Ocracoke remains under the evacuation order issued Sept. 3 in advance of Dorian, open only to residents, property owners, emergency workers and by permit only. But Hyde County commissioners voted 4-1 on Nov. 20 to reopen Ocracoke to all visitors effective Dec. 2.
The decision was controversial, and Pahl, who voted to reopen the island, acknowledged that not everyone on Ocracoke Island agreed with his decision.
“It has been a little bit contentious. This is true about everything that we’re dealing with. But I get way more thanks than people yelling at me. It’s really easy to let the negative overwhelm the positive. But there’s a lot of positive,” he said.
Chip Stevens, the owner of Blackbeard’s Lodge, traces his family roots to the days of Blackbeard. He said lifting the evacuation order was premature. Of particular concern is that an influx of visitors could slow the recovery time, pushing repairs into spring when a larger flow of visitors can be expected to arrive.
“It’s … about the island and how quickly we can get up and running again,” he said. “Let’s say you’re a town anywhere – in Iowa – and there’s an earthquake. All of a sudden, every single route into the town, each one is only open for two-hour increments. And you’ve got to get all your stuff in and at the same time you have to rebuild everything. That’s kind of where we are. We have to get all this crap off and we’ve got to get 1.3 times back on to rebuild.”
NCDOT estimates that the Hatteras Inlet ferry route and the stretch of N.C. 12 that extends to the north end of the island will be available again by Dec. 6. The opening of the route to the north should speed recovery, but scope of the damage is so great that the effects of Dorian will linger for months.

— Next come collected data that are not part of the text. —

lemma has_derivative_parametric_integral:
  fixes \<mu> :: "'x::euclidean_space measure"
    and g :: "'a::euclidean_space \<Rightarrow> 'x \<Rightarrow> real" and G :: "'a \<Rightarrow> 'x \<Rightarrow> 'a \<Rightarrow> real"
  assumes "sets \<mu> = sets borel" "compact S" "AE x in \<mu>. x \<in> S" and w: "integrable \<mu> w"
    and g_cont: "continuous_on UNIV (\<lambda>p. g (fst p) (snd p))"
    and deriv: "\<And>k x. ((\<lambda>k. g k x) has_derivative G k x) (at k)"
    and G_cont: "\<And>h. continuous_on UNIV (\<lambda>p. G (fst p) (snd p) h)"
  shows "((\<lambda>k. \<integral>x. g k x * w x \<partial>\<mu>) has_derivative (\<lambda>h. \<integral>x. G \<theta> x h * w x \<partial>\<mu>)) (at \<theta>)"
proof -
  have linear_G: "linear (G k x)" for k x using has_derivative_linear deriv by metis
  have integrable: "integrable \<mu> (\<lambda>x. F (k, x) * w x)" if "continuous_on UNIV F" for F :: "'a \<times> 'x \<Rightarrow> real" and k
  proof -
    have "continuous_on UNIV (Pair k :: 'x \<Rightarrow> 'a \<times> 'x)" by (intro continuous_intros)
    then show ?thesis
      by (rule integrable_continuous_mult_compact_support[OF continuous_on_compose2[OF that] assms(2,3) w assms(1)])
        simp
  qed
  have integrable_g: "integrable \<mu> (\<lambda>x. g k x * w x)" and integrable_G: "integrable \<mu> (\<lambda>x. G k x h * w x)" for k h
    using integrable[OF g_cont, of k] integrable[OF G_cont, of k] by simp_all
  have "linear (\<lambda>h. \<integral>x. G \<theta> x h * w x \<partial>\<mu>)"
    using integrable_G by (intro linearI) (simp_all add: linear_add[OF linear_G] linear_cmul[OF linear_G]
        distrib_right mult.assoc)
  then have bounded_linear: "bounded_linear (\<lambda>h. \<integral>x. G \<theta> x h * w x \<partial>\<mu>)"
    by (simp add: linear_conv_bounded_linear)
  define W where "W = (\<integral>x. \<bar>w x\<bar> \<partial>\<mu>)"
  have "W \<ge> 0" by (simp add: W_def)
  show ?thesis
    unfolding has_derivative_at_alt
  proof (intro conjI allI impI bounded_linear)
    fix e :: real assume "e > 0"
    define e' where "e' = e / (W + 1)"
    have "e' > 0" "e' * W \<le> e" using \<open>e > 0\<close> \<open>W \<ge> 0\<close> by (simp_all add: e'_def field_simps)
    obtain d where "d > 0" and d: "\<And>x k h. x \<in> S \<Longrightarrow> k \<in> ball \<theta> d \<Longrightarrow> \<bar>G k x h - G \<theta> x h\<bar> \<le> e' * norm h"
      using continuous_derivative_uniform_bound[OF G_cont linear_G assms(2) \<open>e' > 0\<close>] by blast
    have "norm ((\<integral>x. g y x * w x \<partial>\<mu>) - (\<integral>x. g \<theta> x * w x \<partial>\<mu>) - (\<integral>x. G \<theta> x (y - \<theta>) * w x \<partial>\<mu>))
        \<le> e * norm (y - \<theta>)" if "norm (y - \<theta>) < d" for y
    proof -
      have "norm ((\<integral>x. g y x * w x \<partial>\<mu>) - (\<integral>x. g \<theta> x * w x \<partial>\<mu>) - (\<integral>x. G \<theta> x (y - \<theta>) * w x \<partial>\<mu>))
          = \<bar>\<integral>x. (g y x - g \<theta> x - G \<theta> x (y - \<theta>)) * w x \<partial>\<mu>\<bar>"
        using integrable_g integrable_G by (simp add: left_diff_distrib)
      also have "\<dots> \<le> e' * norm (y - \<theta>) * W"
        unfolding W_def using that integrable_g integrable_G
        by (intro integral_derivative_remainder_le[OF assms(3) w _ deriv d])
          (simp_all add: left_diff_distrib dist_norm norm_minus_commute)
      also have "\<dots> \<le> e * norm (y - \<theta>)"
        using \<open>e' * W \<le> e\<close> by (metis mult.commute mult.left_commute mult_right_mono norm_ge_zero)
      finally show ?thesis .
    qed
    then show "\<exists>d>0. \<forall>y. norm (y - \<theta>) < d \<longrightarrow> norm ((\<integral>x. g y x * w x \<partial>\<mu>) - (\<integral>x. g \<theta> x * w x \<partial>\<mu>)
        - (\<integral>x. G \<theta> x (y - \<theta>) * w x \<partial>\<mu>)) \<le> e * norm (y - \<theta>)"
      using \<open>d > 0\<close> by blast
  qed
qed

section \<open>Square-integrable random variables\<close>

definition square_integrable :: "'a measure \<Rightarrow> ('a \<Rightarrow> real) \<Rightarrow> bool" where
  "square_integrable M X \<longleftrightarrow> X \<in> borel_measurable M \<and> integrable M (\<lambda>\<omega>. (X \<omega>)\<^sup>2)"

lemma square_integrable_mult:
  assumes "square_integrable M X" "square_integrable M Y"
  shows "integrable M (\<lambda>\<omega>. X \<omega> * Y \<omega>)"
proof (rule Bochner_Integration.integrable_bound)
  show "integrable M (\<lambda>\<omega>. (X \<omega>)\<^sup>2 + (Y \<omega>)\<^sup>2)" using assms by (simp add: square_integrable_def)
  show "(\<lambda>\<omega>. X \<omega> * Y \<omega>) \<in> borel_measurable M"
    using assms by (simp add: square_integrable_def borel_measurable_times)
  have "\<bar>X \<omega> * Y \<omega>\<bar> \<le> (X \<omega>)\<^sup>2 + (Y \<omega>)\<^sup>2" for \<omega>
  proof -
    have "2 * \<bar>X \<omega> * Y \<omega>\<bar> \<le> (X \<omega>)\<^sup>2 + (Y \<omega>)\<^sup>2"
      using sum_squares_bound[of "\<bar>X \<omega>\<bar>" "\<bar>Y \<omega>\<bar>"] by (simp add: abs_mult mult.assoc)
    then show ?thesis by linarith
  qed
  then show "AE \<omega> in M. norm (X \<omega> * Y \<omega>) \<le> norm ((X \<omega>)\<^sup>2 + (Y \<omega>)\<^sup>2)" by simp
qed

lemma square_integrable_add:
  assumes "square_integrable M X" "square_integrable M Y"
  shows "square_integrable M (\<lambda>\<omega>. X \<omega> + Y \<omega>)"
proof -
  have "integrable M (\<lambda>\<omega>. (X \<omega>)\<^sup>2 + (Y \<omega>)\<^sup>2 + 2 * (X \<omega> * Y \<omega>))"
    using assms square_integrable_mult[OF assms] by (simp add: square_integrable_def)
  then show ?thesis
    using assms by (simp add: square_integrable_def power2_sum mult.assoc borel_measurable_add)
qed

lemma square_integrable_cmult:
  "square_integrable M X \<Longrightarrow> square_integrable M (\<lambda>\<omega>. c * X \<omega>)"
  by (simp add: square_integrable_def power_mult_distrib borel_measurable_times)

lemma square_integrable_sum:
  "(\<And>a. a \<in> I \<Longrightarrow> square_integrable M (X a)) \<Longrightarrow> square_integrable M (\<lambda>\<omega>. \<Sum>a\<in>I. X a \<omega>)"
proof (induction I rule: infinite_finite_induct)
  case (insert a I)
  then have "square_integrable M (\<lambda>\<omega>. \<Sum>a\<in>I. X a \<omega>)" by blast
  with insert show ?case by (simp add: square_integrable_add)
qed (simp_all add: square_integrable_def)

lemma square_integrable_cong:
  "(\<And>\<omega>. \<omega> \<in> space M \<Longrightarrow> X \<omega> = Y \<omega>) \<Longrightarrow> square_integrable M X \<longleftrightarrow> square_integrable M Y"
  unfolding square_integrable_def
  by (metis (no_types, lifting) Bochner_Integration.integrable_cong measurable_cong)

lemma (in finite_measure) square_integrable_const: "square_integrable M (\<lambda>_. c)"
  by (simp add: square_integrable_def)

lemma (in prob_space) normal_distributed_square_integrable:
  assumes "\<sigma> > 0" and D: "distributed M lborel Y (normal_density \<mu> \<sigma>)"
  shows "square_integrable M Y"
proof -
  have "Y \<in> borel_measurable M"
    using distributed_measurable[OF D] by (simp add: measurable_lborel2)
  moreover have "integrable M (\<lambda>\<omega>. (Y \<omega> - expectation Y)\<^sup>2)"
    using normal_distributed_variance[OF assms] \<open>\<sigma> > 0\<close> not_integrable_integral_eq by force
  ultimately have "square_integrable M (\<lambda>\<omega>. (Y \<omega> - expectation Y) + expectation Y)"
    by (intro square_integrable_add square_integrable_const) (simp add: square_integrable_def)
  then show ?thesis by simp
qed

lemma (in prob_space) normal_distributed_not_AE_const:
  assumes "\<sigma> > 0" and D: "distributed M lborel Y (normal_density \<mu> \<sigma>)"
  shows "\<not> (AE \<omega> in M. Y \<omega> = k)"
proof
  assume const: "AE \<omega> in M. Y \<omega> = k"
  have "Y \<in> borel_measurable M"
    using distributed_measurable[OF D] by (simp add: measurable_lborel2)
  then have "expectation Y = k"
    using integral_cong_AE[OF _ _ const] by (simp add: prob_space)
  then have "variance Y = 0"
    using const by (intro integral_eq_zero_AE) auto
  then show False using normal_distributed_variance[OF assms] \<open>\<sigma> > 0\<close> by simp
qed

text \<open>A null vector \<open>c\<close> of the covariance matrix makes \<open>\<Sum>a. c a * Z a\<close> a random variable of
  variance \<open>c\<^sup>T Cov c = 0\<close>.\<close>

lemma (in prob_space) cov_matrix_null_vector_AE_const:
  assumes "finite I" and sq: "\<And>a. a \<in> I \<Longrightarrow> square_integrable M (\<lambda>\<omega>. Z \<omega> a)"
    and null: "\<And>a. a \<in> I \<Longrightarrow> (\<Sum>b\<in>I. cov_matrix M Z a b * c b) = 0"
  shows "AE \<omega> in M. (\<Sum>a\<in>I. c a * Z \<omega> a) = (\<Sum>a\<in>I. c a * expectation (\<lambda>\<omega>. Z \<omega> a))"
proof -
  define U where "U a \<omega> = Z \<omega> a - expectation (\<lambda>\<omega>. Z \<omega> a)" for a \<omega>
  define V where "V \<omega> = (\<Sum>a\<in>I. c a * U a \<omega>)" for \<omega>
  have sq_U: "square_integrable M (U a)" if "a \<in> I" for a
    unfolding U_def diff_conv_add_uminus
    by (intro square_integrable_add sq[OF that] square_integrable_const)
  have sq_V: "square_integrable M V"
    unfolding V_def by (intro square_integrable_sum square_integrable_cmult sq_U)
  have "(\<integral>\<omega>. (V \<omega>)\<^sup>2 \<partial>M) = (\<Sum>a\<in>I. c a * (\<Sum>b\<in>I. c b * (\<integral>\<omega>. U a \<omega> * U b \<omega> \<partial>M)))"
    using square_integrable_mult[OF sq_U sq_U]
    by (simp add: V_def power2_eq_square sum_distrib_left sum_distrib_right mult_ac)
  also have "\<dots> = (\<Sum>a\<in>I. c a * (\<Sum>b\<in>I. cov_matrix M Z a b * c b))"
    by (simp add: cov_matrix_def U_def mult.commute)
  also have "\<dots> = 0" using null by simp
  finally have "AE \<omega> in M. (V \<omega>)\<^sup>2 = 0"
    using integral_nonneg_eq_0_iff_AE[of M "\<lambda>\<omega>. (V \<omega>)\<^sup>2"] sq_V by (simp add: square_integrable_def)
  then show ?thesis
    by eventually_elim (simp add: V_def U_def right_diff_distrib sum_subtractf)
qed

section \<open>The response kernel\<close>

lemma abs_le_square_plus_1: "\<bar>t::real\<bar> \<le> 1 + t\<^sup>2"
proof -
  have "2 * \<bar>t\<bar> \<le> 1 + t\<^sup>2"
    using sum_squares_bound[of "\<bar>t\<bar>" 1] by simp
  then show ?thesis by linarith
qed

lemma AE_in_msupport:
  fixes \<mu> :: "'x::second_countable_topology measure"
  assumes "sets \<mu> = sets borel"
  shows "AE x in \<mu>. x \<in> msupport \<mu>"
proof -
  obtain B :: "'x set set" where B: "countable B" "\<And>C. C \<in> B \<Longrightarrow> open C"
    "\<And>S. open S \<Longrightarrow> \<exists>U. U \<subseteq> B \<and> S = \<Union>U"
    using univ_second_countable by blast
  define N where "N = {C \<in> B. emeasure \<mu> C = 0}"
  have "(\<Union>C\<in>N. C) \<in> null_sets \<mu>"
    using B(1,2) assms by (intro null_sets_UN') (auto simp: N_def null_sets_def intro: countable_subset)
  moreover have "x \<in> (\<Union>C\<in>N. C)" if "x \<notin> msupport \<mu>" for x
  proof -
    obtain U where U: "open U" "x \<in> U" "emeasure \<mu> U = 0"
      using \<open>x \<notin> msupport \<mu>\<close> by (auto simp: msupport_def)
    obtain V where V: "V \<subseteq> B" "U = \<Union>V" using B(3)[OF U(1)] by blast
    then obtain C where C: "C \<in> V" "x \<in> C" using U(2) by blast
    have "emeasure \<mu> C \<le> emeasure \<mu> U"
      using C V U(1) B(2) assms by (intro emeasure_mono) auto
    then show ?thesis using C V U(3) by (auto simp: N_def)
  qed
  ultimately show ?thesis by (auto intro: AE_I')
qed
(* Assume $\mathfrak p<\mathfrak t$ and let $\lambda=\mathfrak p$. Let $\mathcal B\subseteq[\omega]^{\aleph_0}$ exemplify $\mathfrak p$. Then there exist a regular cardinal $\kappa<\lambda$ and a $\subseteq^*$-decreasing sequence $\langle A_i:i<\kappa\rangle$ of members of $[\omega]^{\aleph_0}$ (i.e. $A_j\subseteq^* A_i$ for $i<j<\kappa$) such that (a) $A_i\cap B$ is infinite for every $i<\kappa$ and every $B\in\mathcal B$, and (b) if $A\in[\omega]^{\aleph_0}$ is a pseudo-intersection of $\{A_i:i<\kappa\}$, then $A\cap B$ is finite for some $B\in\mathcal B$.
   Context: $[\omega]^{\aleph_0}$ is the set of infinite subsets of $\omega$; for $A,B\subseteq\omega$, $A\subseteq^* B$ means $A\setminus B$ is finite. A set $A\in[\omega]^{\aleph_0}$ is a pseudo-intersection of a family $\mathcal C\subseteq[\omega]^{\aleph_0}$ if $A\subseteq^* C$ for all $C\in\mathcal C$. A tower is a sequence $\langle X_\alpha:\alpha<\kappa\rangle\subseteq[\omega]^{\aleph_0}$ with $X_\beta\subseteq^*X_\alpha$ for $\alpha<\beta<\kappa$ and such that $\{X_\alpha:\alpha<\kappa\}$ has no pseudo-intersection. $\mathfrak p$ is the least cardinality of a family $\mathcal B\subseteq[\omega]^{\aleph_0}$ all of whose finite subfamilies have infinite intersection but which has no pseudo-intersection; $\mathfrak t$ is the least length of a tower. A family $\mathcal B\subseteq[\omega]^{\aleph_0}$ exemplifies $\mathfrak p$ if it is closed under finite intersections, has no pseudo-intersection, and $|\mathcal B|=\mathfrak p$. *)

theory Defs
  imports Main
begin

definition almost_subset :: "nat set \<Rightarrow> nat set \<Rightarrow> bool" where
  "almost_subset A B \<longleftrightarrow> finite (A - B)"

definition pseudo_intersection :: "nat set \<Rightarrow> nat set set \<Rightarrow> bool" where
  "pseudo_intersection A \<C> \<longleftrightarrow> infinite A \<and> (\<forall>C\<in>\<C>. almost_subset A C)"

definition sfip :: "nat set set \<Rightarrow> bool" where
  "sfip \<C> \<longleftrightarrow> (\<forall>C\<in>\<C>. infinite C) \<and>
     (\<forall>F. F \<subseteq> \<C> \<and> finite F \<and> F \<noteq> {} \<longrightarrow> infinite (\<Inter>F))"

text \<open>Families whose cardinalities \<pp> is the least of.\<close>
definition p_family :: "nat set set \<Rightarrow> bool" where
  "p_family \<C> \<longleftrightarrow> sfip \<C> \<and> \<not> (\<exists>A. pseudo_intersection A \<C>)"

definition tower :: "'j rel \<Rightarrow> ('j \<Rightarrow> nat set) \<Rightarrow> bool" where
  "tower r X \<longleftrightarrow> Well_order r \<and> (\<forall>\<alpha>\<in>Field r. infinite (X \<alpha>)) \<and>
     (\<forall>\<alpha> \<beta>. (\<alpha>, \<beta>) \<in> r \<and> \<alpha> \<noteq> \<beta> \<longrightarrow> almost_subset (X \<beta>) (X \<alpha>)) \<and>
     \<not> (\<exists>A. pseudo_intersection A (X ` Field r))"

text \<open>\<pp> < \<tt>: some family witnessing the definition of \<pp> (hence also one of size \<pp>)
  has cardinality strictly below the length of every tower.  Since \<tt> \<le> \<cc>,
  towers indexed by well-orders on subsets of nat set suffice.\<close>
definition p_less_t :: bool where
  "p_less_t \<longleftrightarrow> (\<exists>\<F>. p_family \<F> \<and>
     (\<forall>(r :: nat set rel) X. tower r X \<longrightarrow> (card_of \<F>, r) \<in> ordLess))"
(* Let $X$ be a proper geodesic $\delta$-hyperbolic space, $\xi\in\partial X$, $S$ a horosphere centered at $\xi$ and $B$ the (open) horoball bounded by $S$. There is a constant $C$ depending only on $\delta$ such that for every $p,q\in S$ and every path $c$ in $X\setminus B$ joining $p$ and $q$, the length of $c$ satisfies $\ell(c)\ge 2^{\frac{d(p,q)-C-2}{2\delta}}-C$.
   Context: A Busemann function $b$ centered at $\xi$ is $b(x)=\lim_{t\to\infty}(d(x,\gamma(t))-t)$ for a geodesic ray $\gamma$ converging to $\xi$; a horosphere centered at $\xi$ is a level set $S=\{b=b_0\}$ and the horoball bounded by it is $B=\{b<b_0\}$ (the side containing points close to $\xi$). *)

theory Defs
  imports "HOL-Analysis.Analysis"
begin

definition proper_mspace :: "'a set \<Rightarrow> ('a \<Rightarrow> 'a \<Rightarrow> real) \<Rightarrow> bool" where
  "proper_mspace M d \<longleftrightarrow>
     (\<forall>x\<in>M. \<forall>r. compactin (Metric_space.mtopology M d) (Metric_space.mcball M d x r))"

definition geodesic_seg :: "'a set \<Rightarrow> ('a \<Rightarrow> 'a \<Rightarrow> real) \<Rightarrow> (real \<Rightarrow> 'a) \<Rightarrow> 'a \<Rightarrow> 'a \<Rightarrow> bool" where
  "geodesic_seg M d g x y \<longleftrightarrow>
     g 0 = x \<and> g (d x y) = y \<and> g ` {0..d x y} \<subseteq> M \<and>
     (\<forall>s\<in>{0..d x y}. \<forall>t\<in>{0..d x y}. d (g s) (g t) = \<bar>s - t\<bar>)"

definition geodesic_mspace :: "'a set \<Rightarrow> ('a \<Rightarrow> 'a \<Rightarrow> real) \<Rightarrow> bool" where
  "geodesic_mspace M d \<longleftrightarrow> (\<forall>x\<in>M. \<forall>y\<in>M. \<exists>g. geodesic_seg M d g x y)"

definition delta_hyperbolic :: "'a set \<Rightarrow> ('a \<Rightarrow> 'a \<Rightarrow> real) \<Rightarrow> real \<Rightarrow> bool" where
  "delta_hyperbolic M d \<delta> \<longleftrightarrow>
     (\<forall>x\<in>M. \<forall>y\<in>M. \<forall>z\<in>M. \<forall>gxy gyz gxz.
        geodesic_seg M d gxy x y \<and> geodesic_seg M d gyz y z \<and> geodesic_seg M d gxz x z \<longrightarrow>
        (\<forall>p\<in>gxy ` {0..d x y}. \<exists>q\<in>gyz ` {0..d y z} \<union> gxz ` {0..d x z}. d p q \<le> \<delta>))"

definition geodesic_ray :: "'a set \<Rightarrow> ('a \<Rightarrow> 'a \<Rightarrow> real) \<Rightarrow> (real \<Rightarrow> 'a) \<Rightarrow> bool" where
  "geodesic_ray M d \<gamma> \<longleftrightarrow>
     \<gamma> ` {0..} \<subseteq> M \<and> (\<forall>s\<ge>0. \<forall>t\<ge>0. d (\<gamma> s) (\<gamma> t) = \<bar>s - t\<bar>)"

definition busemann :: "('a \<Rightarrow> 'a \<Rightarrow> real) \<Rightarrow> (real \<Rightarrow> 'a) \<Rightarrow> 'a \<Rightarrow> real" where
  "busemann d \<gamma> x = Lim at_top (\<lambda>t. d x (\<gamma> t) - t)"

definition horosphere :: "'a set \<Rightarrow> ('a \<Rightarrow> 'a \<Rightarrow> real) \<Rightarrow> (real \<Rightarrow> 'a) \<Rightarrow> real \<Rightarrow> 'a set" where
  "horosphere M d \<gamma> b0 = {x\<in>M. busemann d \<gamma> x = b0}"

definition horoball :: "'a set \<Rightarrow> ('a \<Rightarrow> 'a \<Rightarrow> real) \<Rightarrow> (real \<Rightarrow> 'a) \<Rightarrow> real \<Rightarrow> 'a set" where
  "horoball M d \<gamma> b0 = {x\<in>M. busemann d \<gamma> x < b0}"

definition mpath :: "'a set \<Rightarrow> ('a \<Rightarrow> 'a \<Rightarrow> real) \<Rightarrow> (real \<Rightarrow> 'a) \<Rightarrow> bool" where
  "mpath M d c \<longleftrightarrow>
     continuous_map (top_of_set {0..1}) (Metric_space.mtopology M d) c"

definition mpath_length :: "('a \<Rightarrow> 'a \<Rightarrow> real) \<Rightarrow> (real \<Rightarrow> 'a) \<Rightarrow> ereal" where
  "mpath_length d c =
     (SUP (n, t) \<in> {(n, t). t 0 = (0::real) \<and> t n = 1 \<and> (\<forall>i<n. t i \<le> t (Suc i))}.
        ereal (\<Sum>i<n. d (c (t i)) (c (t (Suc i)))))"

end

theory Submission
  imports Defs
begin

(* Let m be the midpoint of a geodesic [p, q]. Slimness of the triangles p, q, \<gamma> t with t \<rightarrow> \<infinity>
   gives b(m) \<le> b0 - d(p, q)/2 + 2\<delta>. A path of length L outside the horoball can be sampled at
   n \<le> L + 1 points, consecutive ones less than 3 apart. Halving this chain k times, slimness puts
   every point of [p, q] within k\<delta> of a geodesic between consecutive sample points as soon as
   n \<le> 2^k. Since b is 1-Lipschitz and at least b0 at the sample points, d(p, q)/2 \<le> (k + 2)\<delta> + 3,
   so n, and with it L, grows exponentially in d(p, q). *)

lemma antimono_bounded_below_tendsto_Inf:
  fixes f :: "real \<Rightarrow> real"
  assumes antimono: "\<And>s t. 0 \<le> s \<Longrightarrow> s \<le> t \<Longrightarrow> f t \<le> f s"
    and bounded: "\<And>t. 0 \<le> t \<Longrightarrow> B \<le> f t"
  shows "(f \<longlongrightarrow> Inf (f ` {0..})) at_top"
proof (rule decreasing_tendsto)
  have bdd: "bdd_below (f ` {0..})"
    using bounded by (auto intro!: bdd_belowI)
  show "\<forall>\<^sub>F t in at_top. Inf (f ` {0..}) \<le> f t"
    using eventually_ge_at_top[of 0] by eventually_elim (simp add: cInf_lower[OF _ bdd])
next
  fix a assume "Inf (f ` {0..}) < a"
  then obtain t0 where t0: "t0 \<ge> 0" "f t0 < a"
    using cInf_lessD[of "f ` {0..}" a] by auto
  from eventually_ge_at_top[of t0] show "\<forall>\<^sub>F t in at_top. f t < a"
    by eventually_elim (use antimono t0 in fastforce)
qed

lemma continuous_map_compact_uniform:
  fixes S :: "'b::metric_space set"
  assumes "Metric_space M d" "compact S"
    and "continuous_map (top_of_set S) (Metric_space.mtopology M d) c" "\<epsilon> > 0"
  shows "\<exists>\<eta>>0. \<forall>x\<in>S. \<forall>y\<in>S. dist y x < \<eta> \<longrightarrow> d (c y) (c x) < \<epsilon>"
proof -
  interpret Metric_space M d by fact
  have top: "mtopology_of (submetric euclidean_metric S) = top_of_set S"
    by (simp add: mtopology_of_submetric)
  have "compact_space (top_of_set S)"
    using assms(2) by (simp add: compact_space_subtopology)
  then have "uniformly_continuous_map (submetric euclidean_metric S) (metric (M, d)) c"
    using assms(3) top by (intro continuous_imp_uniformly_continuous_map) simp
  then show ?thesis
    using assms(4) unfolding uniformly_continuous_map_def by auto
qed

lemma busemann_tendsto:
  assumes "Metric_space M d" "geodesic_ray M d \<gamma>" "x \<in> M"
  shows "((\<lambda>t. d x (\<gamma> t) - t) \<longlongrightarrow> busemann d \<gamma> x) at_top"
proof -
  interpret Metric_space M d by fact
  have ray: "\<And>t. t \<ge> 0 \<Longrightarrow> \<gamma> t \<in> M" "\<And>s t. s \<ge> 0 \<Longrightarrow> t \<ge> 0 \<Longrightarrow> d (\<gamma> s) (\<gamma> t) = \<bar>s - t\<bar>"
    using assms(2) unfolding geodesic_ray_def by auto
  have "((\<lambda>t. d x (\<gamma> t) - t) \<longlongrightarrow> Inf ((\<lambda>t. d x (\<gamma> t) - t) ` {0..})) at_top"
  proof (rule antimono_bounded_below_tendsto_Inf)
    fix s t :: real assume st: "0 \<le> s" "s \<le> t"
    have "d x (\<gamma> t) \<le> d x (\<gamma> s) + d (\<gamma> s) (\<gamma> t)"
      using assms(3) ray st by (intro triangle) auto
    then show "d x (\<gamma> t) - t \<le> d x (\<gamma> s) - s"
      using ray(2)[of s t] st by simp
  next
    fix t :: real assume t: "0 \<le> t"
    have "d (\<gamma> 0) (\<gamma> t) \<le> d (\<gamma> 0) x + d x (\<gamma> t)"
      using assms(3) ray t by (intro triangle) auto
    then show "- d (\<gamma> 0) x \<le> d x (\<gamma> t) - t"
      using ray(2)[of 0 t] t by simp
  qed
  then show ?thesis
    unfolding busemann_def by (metis tendsto_Lim trivial_limit_at_top_linorder)
qed

lemma busemann_le_add_dist:
  assumes "Metric_space M d" "geodesic_ray M d \<gamma>" "x \<in> M" "y \<in> M"
  shows "busemann d \<gamma> y \<le> busemann d \<gamma> x + d x y"
proof -
  interpret Metric_space M d by fact
  have "((\<lambda>t. d x (\<gamma> t) - t + d x y) \<longlongrightarrow> busemann d \<gamma> x + d x y) at_top"
    by (intro tendsto_intros busemann_tendsto[OF assms(1-3)])
  moreover have "\<forall>\<^sub>F t in at_top. d y (\<gamma> t) - t \<le> d x (\<gamma> t) - t + d x y"
    using eventually_ge_at_top[of 0]
  proof eventually_elim
    case (elim t)
    then have "\<gamma> t \<in> M"
      using assms(2) unfolding geodesic_ray_def by auto
    then show ?case
      using triangle[of y x "\<gamma> t"] assms(3,4) commute[of x y] by simp
  qed
  ultimately show ?thesis
    using busemann_tendsto[OF assms(1,2,4)] tendsto_le[OF trivial_limit_at_top_linorder] by blast
qed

“How the island was affected this time with all the residents who were displaced from their homes and the damage that has taken place to home structures business structures, every word of devastating, every syllable you can pronounce of it has been that for Ocracoke,” Pastor Ivy said. “From a personal standpoint of growing up on Ocracoke – my family is from here on my mom’s side – it is devastating. And on top of that, being a pastor and looking at it from that perspective, in your mind you really can’t move quick enough. That’s the most devastating part of it.”